Dataset records Start Marker

lemma zigzag_has_short_inner_step:
  fixes v :: "nat \<Rightarrow> real"
  assumes "3 \<le> k" "v 0 = 0" "v k = 1" "\<forall>i\<le>k. v i \<in> {0..1}" "\<forall>j<k. v j \<noteq> v (Suc j)"
    and zig: "\<forall>j. Suc (Suc j) \<le> k \<longrightarrow> (v j < v (Suc j) \<longleftrightarrow> v (Suc (Suc j)) < v (Suc j))"
  shows "\<exists>j. 1 \<le> j \<and> Suc (Suc j) \<le> k \<and>
    v (Suc j) \<in> closed_segment (v (j - 1)) (v j) \<and>
    v j \<in> closed_segment (v (Suc j)) (v (Suc (Suc j)))"
proof -
  \<comment> \<open>An inner step of minimal height lies within the height range of both of its neighbours.\<close>
  define J where "J = {1..k - 2}"
  define step where "step i = \<bar>v i - v (Suc i)\<bar>" for i
  have "finite J" "J \<noteq> {}"
    using assms(1) by (auto simp: J_def)
  then have "Min (step ` J) \<in> step ` J"
    by simp
  then obtain j where j: "j \<in> J" "step j = Min (step ` J)"
    by auto
  have min: "step j \<le> step i" if "i \<in> J" for i
    using j(2) \<open>finite J\<close> that by simp
  have bounds: "1 \<le> j" "Suc (Suc j) \<le> k"
    using j(1) assms(1) by (auto simp: J_def)
  have zig_j: "v (j - 1) < v j \<longleftrightarrow> v (Suc j) < v j" "v j < v (Suc j) \<longleftrightarrow> v (Suc (Suc j)) < v (Suc j)"
    using zig[rule_format, of "j - 1"] zig[rule_format, of j] bounds by auto
  have steps: "v (j - 1) \<noteq> v j" "v j \<noteq> v (Suc j)" "v (Suc j) \<noteq> v (Suc (Suc j))"
    using assms(5)[rule_format, of "j - 1"] assms(5)[rule_format, of j] assms(5)[rule_format, of "Suc j"] bounds
    by auto
  have unit: "v (j - 1) \<in> {0..1}" "v j \<in> {0..1}" "v (Suc j) \<in> {0..1}" "v (Suc (Suc j)) \<in> {0..1}"
    using assms(4) bounds by auto
  have "v (Suc j) \<in> closed_segment (v (j - 1)) (v j)"
  proof (cases "j = 1")
    case True
    then show ?thesis
      using zig_j steps unit assms(2) by (auto simp: closed_segment_eq_real_ivl)
  next
    case False
    then have "step j \<le> step (j - 1)"
      using bounds by (intro min) (auto simp: J_def)
    then show ?thesis
      using zig_j steps bounds by (auto simp: step_def closed_segment_eq_real_ivl)
  qed
  moreover have "v j \<in> closed_segment (v (Suc j)) (v (Suc (Suc j)))"
  proof (cases "Suc (Suc j) = k")
    case True
    then show ?thesis
      using zig_j steps unit assms(3) by (auto simp: closed_segment_eq_real_ivl)
  next
    case False
    then have "step j \<le> step (Suc j)"
      using bounds by (intro min) (auto simp: J_def)
    then show ?thesis
      using zig_j steps by (auto simp: step_def closed_segment_eq_real_ivl)
  qed
  ultimately show ?thesis
    using bounds by blast
qed

lemma strictly_increasing_on_chord_join:
  assumes "x \<le> b" "b < b'" "b' \<le> z" "f b < f b'"
    and "strictly_increasing_on {x..b} f" "strictly_increasing_on {b'..z} f"
  shows "strictly_increasing_on {x..z} (chord_replace f b b')"
proof -
  have "strictly_increasing_on {x..b} (chord_replace f b b')"
    using assms(5) by (rule strictly_increasing_on_cong) (use assms(2) in \<open>auto simp: chord_replace_outside\<close>)
  moreover have "strictly_increasing_on {b'..z} (chord_replace f b b')"
    using assms(6) by (rule strictly_increasing_on_cong) (use assms(2) in \<open>auto simp: chord_replace_outside\<close>)
  ultimately show ?thesis
    using strictly_increasing_on_chord_replace[OF assms(2,4)] strictly_increasing_on_join by blast
qed

lemma strictly_decreasing_on_chord_join:
  assumes "x \<le> b" "b < b'" "b' \<le> z" "f b' < f b"
    and "strictly_decreasing_on {x..b} f" "strictly_decreasing_on {b'..z} f"
  shows "strictly_decreasing_on {x..z} (chord_replace f b b')"
proof -
  have "strictly_decreasing_on {x..b} (chord_replace f b b')"
    using assms(5) by (rule strictly_decreasing_on_cong) (use assms(2) in \<open>auto simp: chord_replace_outside\<close>)
  moreover have "strictly_decreasing_on {b'..z} (chord_replace f b b')"
    using assms(6) by (rule strictly_decreasing_on_cong) (use assms(2) in \<open>auto simp: chord_replace_outside\<close>)
  ultimately show ?thesis
    using strictly_decreasing_on_chord_replace[OF assms(2,4)] strictly_decreasing_on_join by blast
qed

lemma profile_chord_replace:
  assumes f: "profile f" and "0 \<le> b" "b < b'" "b' \<le> 1" "f b \<noteq> f b'"
  shows "profile (chord_replace f b b')"
proof -
  let ?h = "chord_replace f b b'"
  have cont: "continuous_on {0..1} ?h"
    using f assms by (intro continuous_on_chord_replace) (auto simp: profile_def)
  have "strictly_monotone_on {b..b'} ?h"
    using strictly_increasing_on_chord_replace[of b b' f] strictly_decreasing_on_chord_replace[of b b' f]
      assms by (cases "f b < f b'") (auto simp: strictly_monotone_on_def)
  then have "?h ` {b..b'} = closed_segment (f b) (f b')"
    using strictly_monotone_on_image[of b b' ?h] continuous_on_subset[OF cont] assms
    by (simp add: chord_replace_outside)
  also have "\<dots> \<subseteq> {0..1}"
    using assms profile_in_unit[OF f] by (intro closed_segment_subset) auto
  finally have "?h u \<in> {0..1}" if "u \<in> {0..1}" for u
    using that profile_in_unit[OF f, of u] chord_replace_outside[OF assms(3), of u f]
    by (cases "u \<in> {b..b'}") (auto simp: image_subset_iff)
  then show ?thesis
    using cont f assms chord_replace_outside[OF assms(3), of 0 f] chord_replace_outside[OF assms(3), of 1 f]
    by (auto simp: profile_def)
qed

lemma strictly_monotone_on_ends_neq:
  "strictly_monotone_on {x..z} f \<Longrightarrow> x < z \<Longrightarrow> f x \<noteq> f z"
  unfolding strictly_monotone_on_def
  using strictly_increasing_on_endpoints[of x z f] strictly_decreasing_on_endpoints[of x z f] by auto

lemma monotone_partition_piece:
  assumes "monotone_partition k a f" "j < k"
  shows "a j < a (Suc j)" "strictly_monotone_on {a j..a (Suc j)} f" "f (a j) \<noteq> f (a (Suc j))"
  using assms strictly_monotone_on_ends_neq by (auto simp: monotone_partition_def)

Dataset records End Marker

■ What to do:
Scan the records above and report every line with the string "blast".

■ Answer area:
    using bounds by blast
    using strictly_increasing_on_chord_replace[OF assms(2,4)] strictly_increasing_on_join by blast
    using strictly_decreasing_on_chord_replace[OF assms(2,4)] strictly_decreasing_on_join by blast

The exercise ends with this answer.